New measures to control spread to humans

WASHINGTON — The federal government will provide livestock farms as much as $28,000 apiece to bolster protective measures and testing for the avian flu virus spreading among dairy cows, officials said Friday.

The Agriculture Department also allotted $98 million to aid states restricting the interstate movement of affected cattle, and health officials announced they would put an additional $101 million toward expanded surveillance, tests, treatments, and vaccines for the virus, which has now spread to at least 40 farms in nine states, with one confirmed human transmission.

The announcement comes amid increasing calls from infectious disease experts and public health officials for a clear picture of the virus’ spread and the risk it might pose. While officials maintain that the risk of spread to the general public is still very low, farmworkers are repeatedly exposed to potentially sick cows. Yet early efforts by federal and state health officials to shore up protective measures have had limited success.

Since a federal testing order was issued April 29, “approximately 80” cows have been tested for the virus, USDA Secretary Tom Vilsack said. “I don’t have the number of positives.”

Affected farmers could receive thousands of dollars over the next 120 days to provide personal protective equipment to workers, ship onsite tests to federal labs, safely dispose of contaminated products, and call in veterinary care. Workers could also be compensated for enrolling in bird flu studies led by the Agriculture Department and the Centers for Disease Control and Prevention.

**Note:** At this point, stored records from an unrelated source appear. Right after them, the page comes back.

lemma left_translate_subset_UN_missed:
  assumes no_translate: "\<forall>h\<in>free_group X. \<not> left_translate h (ball_n X N) \<subseteq> S"
    and "\<omega> \<in> free_group X" and "N \<le> n"
  shows "left_translate \<omega> (ball_n X (n - N))
    \<subseteq> (\<Union>x\<in>left_translate \<omega> (ball_n X n) - S. (\<lambda>y. fg_mult x (word_inv y)) ` ball_n X N)"
proof
  fix h assume "h \<in> left_translate \<omega> (ball_n X (n - N))"
  then obtain v where v: "v \<in> ball_n X (n - N)" and h: "h = fg_mult \<omega> v"
    unfolding left_translate_def by auto
  have h_in: "h \<in> free_group X" using h assms(2) v fg_mult_closed unfolding ball_n_def by blast
  obtain y where y: "y \<in> ball_n X N" and hy: "fg_mult h y \<notin> S"
    using no_translate h_in unfolding left_translate_def by blast
  have "fg_mult v y \<in> ball_n X n"
    using v y fg_mult_closed length_fg_mult[of v y] assms(3) unfolding ball_n_def by fastforce
  then have "fg_mult h y \<in> left_translate \<omega> (ball_n X n) - S"
    using hy unfolding left_translate_def h fg_mult_assoc by blast
  moreover have "h = fg_mult (fg_mult h y) (word_inv y)"
    using h_in by (simp add: fg_mult_word_inv_right free_group_def)
  ultimately show "h \<in> (\<Union>x\<in>left_translate \<omega> (ball_n X n) - S. (\<lambda>y. fg_mult x (word_inv y)) ` ball_n X N)"
    using y by blast
qed

lemma card_ball_n_le_missed:
  assumes "finite X" and "\<forall>h\<in>free_group X. \<not> left_translate h (ball_n X N) \<subseteq> S"
    and "\<omega> \<in> free_group X" and "N \<le> n"
  shows "card (ball_n X n) \<le> card (left_translate \<omega> (ball_n X n) - S) * card (ball_n X N) ^ 2"
proof -
  define D where "D = left_translate \<omega> (ball_n X n) - S"
  have "finite D" unfolding D_def using finite_left_translate[OF assms(1)] by simp
  have "card (ball_n X (n - N)) = card (left_translate \<omega> (ball_n X (n - N)))"
    by (simp add: card_left_translate)
  also have "\<dots> \<le> card (\<Union>x\<in>D. (\<lambda>y. fg_mult x (word_inv y)) ` ball_n X N)"
    using left_translate_subset_UN_missed[OF assms(2-4)] \<open>finite D\<close> finite_ball_n[OF assms(1)]
    by (intro card_mono) (auto simp: D_def)
  also have "\<dots> \<le> (\<Sum>x\<in>D. card ((\<lambda>y. fg_mult x (word_inv y)) ` ball_n X N))"
    using \<open>finite D\<close> by (rule card_UN_le)
  also have "\<dots> \<le> (\<Sum>x\<in>D. card (ball_n X N))"
    by (intro sum_mono card_image_le finite_ball_n assms(1))
  finally have "card (ball_n X (n - N)) \<le> card D * card (ball_n X N)" by simp
  have "card (ball_n X n) \<le> card (ball_n X (n - N)) * card (ball_n X N)"
    using assms(1,4) by (intro card_ball_n_le_mult) auto
  also have "\<dots> \<le> card D * card (ball_n X N) * card (ball_n X N)"
    using \<open>card (ball_n X (n - N)) \<le> card D * card (ball_n X N)\<close> by (rule mult_le_mono1)
  finally show ?thesis by (simp add: D_def power2_eq_square mult.assoc)
qed

definition ball_density :: "'a set \<Rightarrow> 'a word set \<Rightarrow> nat \<Rightarrow> 'a word \<Rightarrow> real" where
  "ball_density X S n \<omega> =
     real (card (S \<inter> left_translate \<omega> (ball_n X n))) / real (card (ball_n X n))"

lemma upper_banach_density_eq_limsup:
  "upper_banach_density X S = limsup (\<lambda>n. ereal (SUP \<omega>\<in>free_group X. ball_density X S n \<omega>))"
  by (simp add: upper_banach_density_def ball_density_def)

lemma ball_density_le_1:
  assumes "finite X"
  shows "ball_density X S n \<omega> \<le> 1"
proof -
  have "card (S \<inter> left_translate \<omega> (ball_n X n)) \<le> card (ball_n X n)"
    using card_mono[OF finite_left_translate[OF assms] Int_lower2] by (simp add: card_left_translate)
  then show ?thesis
    using card_ball_n_pos[OF assms, of n] by (simp add: ball_density_def)
qed

lemma ball_density_eq_1:
  "finite X \<Longrightarrow> left_translate \<omega> (ball_n X n) \<subseteq> S \<Longrightarrow> ball_density X S n \<omega> = 1"
  using card_ball_n_pos[of X n]
  by (simp add: ball_density_def Int_absorb1 card_left_translate)

lemma ball_density_le_if_no_translate:
  assumes "finite X" and "\<forall>h\<in>free_group X. \<not> left_translate h (ball_n X N) \<subseteq> S"
    and "\<omega> \<in> free_group X" and "N \<le> n"
  shows "ball_density X S n \<omega> \<le> 1 - 1 / real (card (ball_n X N)) ^ 2"
proof -
  define T where "T = left_translate \<omega> (ball_n X n)"
  define b where "b = real (card (ball_n X n))"
  define c where "c = real (card (ball_n X N))"
  define d where "d = real (card (T - S))"
  have "finite T" unfolding T_def using assms(1) by (rule finite_left_translate)
  then have "card (S \<inter> T) + card (T - S) = card (ball_n X n)"
    using card_Int_Diff[of T S] by (simp add: T_def card_left_translate Int_commute)
  then have "real (card (S \<inter> T)) = b - d" by (simp add: b_def d_def flip: of_nat_add)
  moreover have "b > 0" "c > 0"
    using card_ball_n_pos[OF assms(1)] by (auto simp: b_def c_def)
  ultimately have density: "ball_density X S n \<omega> = 1 - d / b"
    by (simp add: ball_density_def T_def[symmetric] b_def[symmetric] diff_divide_distrib)
  have "b \<le> d * c ^ 2"
    using card_ball_n_le_missed[OF assms] unfolding b_def c_def d_def T_def
    by (metis of_nat_le_iff of_nat_mult of_nat_power)
  then have "1 / c ^ 2 \<le> d / b" using \<open>b > 0\<close> \<open>c > 0\<close> by (simp add: field_simps)
  then show ?thesis by (simp add: density c_def)
qed

lemma UB_generic_imp_translate_subset:
  assumes "finite X" and "UB_generic X S"
  shows "\<exists>\<omega>\<in>free_group X. left_translate \<omega> (ball_n X N) \<subseteq> S"
proof (rule ccontr)
  assume no_translate: "\<not> ?thesis"
  define q where "q = 1 - 1 / real (card (ball_n X N)) ^ 2"
  have "\<forall>n\<ge>N. ereal (SUP \<omega>\<in>free_group X. ball_density X S n \<omega>) \<le> ereal q"
    using ball_density_le_if_no_translate[OF assms(1)] no_translate Nil_in_free_group[of X]
    by (auto intro!: cSUP_least simp: q_def)
  then have "upper_banach_density X S \<le> ereal q"
    unfolding upper_banach_density_eq_limsup
    by (intro Limsup_bounded) (auto simp: eventually_sequentially)
  moreover have "q < 1" using card_ball_n_pos[OF assms(1), of N] by (simp add: q_def)
  ultimately show False using assms(2) by (simp add: UB_generic_def)
qed

lemma UB_generic_if_translate_subset:
  assumes "finite X" and "\<forall>n. \<exists>\<omega>\<in>free_group X. left_translate \<omega> (ball_n X n) \<subseteq> S"
  shows "UB_generic X S"
proof -
  have "(SUP \<omega>\<in>free_group X. ball_density X S n \<omega>) = 1" for n
  proof (rule antisym)
    show "(SUP \<omega>\<in>free_group X. ball_density X S n \<omega>) \<le> 1"
      using Nil_in_free_group[of X] ball_density_le_1[OF assms(1)] by (auto intro: cSUP_least)
    obtain \<omega> where "\<omega> \<in> free_group X" "left_translate \<omega> (ball_n X n) \<subseteq> S"
      using assms(2) by blast
    then show "1 \<le> (SUP \<omega>\<in>free_group X. ball_density X S n \<omega>)"
      using ball_density_eq_1[OF assms(1)] ball_density_le_1[OF assms(1)]
      by (metis bdd_aboveI2 cSUP_upper2)
  qed
  then show ?thesis
    by (simp add: UB_generic_def upper_banach_density_eq_limsup Limsup_const)
qed

theorem proposition2p2:
  fixes X :: "'a set" and S :: "'a word set"
  assumes "finite X" and "S \<subseteq> free_group X"
  shows "UB_generic X S \<longleftrightarrow>
         (\<forall>n::nat. \<exists>\<omega>\<in>free_group X. left_translate \<omega> (ball_n X n) \<subseteq> S)"
  using UB_generic_imp_translate_subset UB_generic_if_translate_subset assms(1) by blast

end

Separately, the USDA said it will compensate farms for lost product due to H5N1 contamination. The funds will draw from an existing emergency assistance program usually used for culling sick poultry and other livestock.

“Dairy cows that have H5N1 generally recover well and there’s little mortality associated with this disease. It does dramatically limit milk production, which can cause economic loss for producers with affected premises,” Vilsack told reporters. “We want to support farmers…to offset some of those losses.”

The CDC also said it “has identified an additional $93 million” to build lab capacity, scale up wastewater and exposure surveillance, and boost genomic sequencing. The Food and Drug Administration announced an additional $8 million will go toward bolstering testing and surveillance of the commercial milk supply. The funds, officials said in the statement, “may also allow the FDA to partner with universities on critical research questions.”

Health officials have been preparing for “an avian influenza outbreak of this kind” for 20 years, Health and Human Services Secretary Xavier Becerra said.

“It’s critical that we are well positioned to test, treat, prevent, this virus from spreading. I think that’s clear in everything we’re saying,” he said.

The funds announced Friday will be channeled to farms with confirmed cases of H5N1, though CDC separately on Monday urged all farms and slaughterhouses to provide protective gear to workers.

“We recognize that from a worker safety perspective, there can be risks even before the herd is confirmed to be positive,” CDC Deputy Director Nirav Shah said Friday.

Yet there is no mechanism to require workers to wear protective equipment, or test and participate in studies.

“In terms of farmworkers, that really is a voluntary circumstance,” said Vilsack. “I’m sure if they’re willing to work with CDC, I’m sure CDC would be happy to oblige.”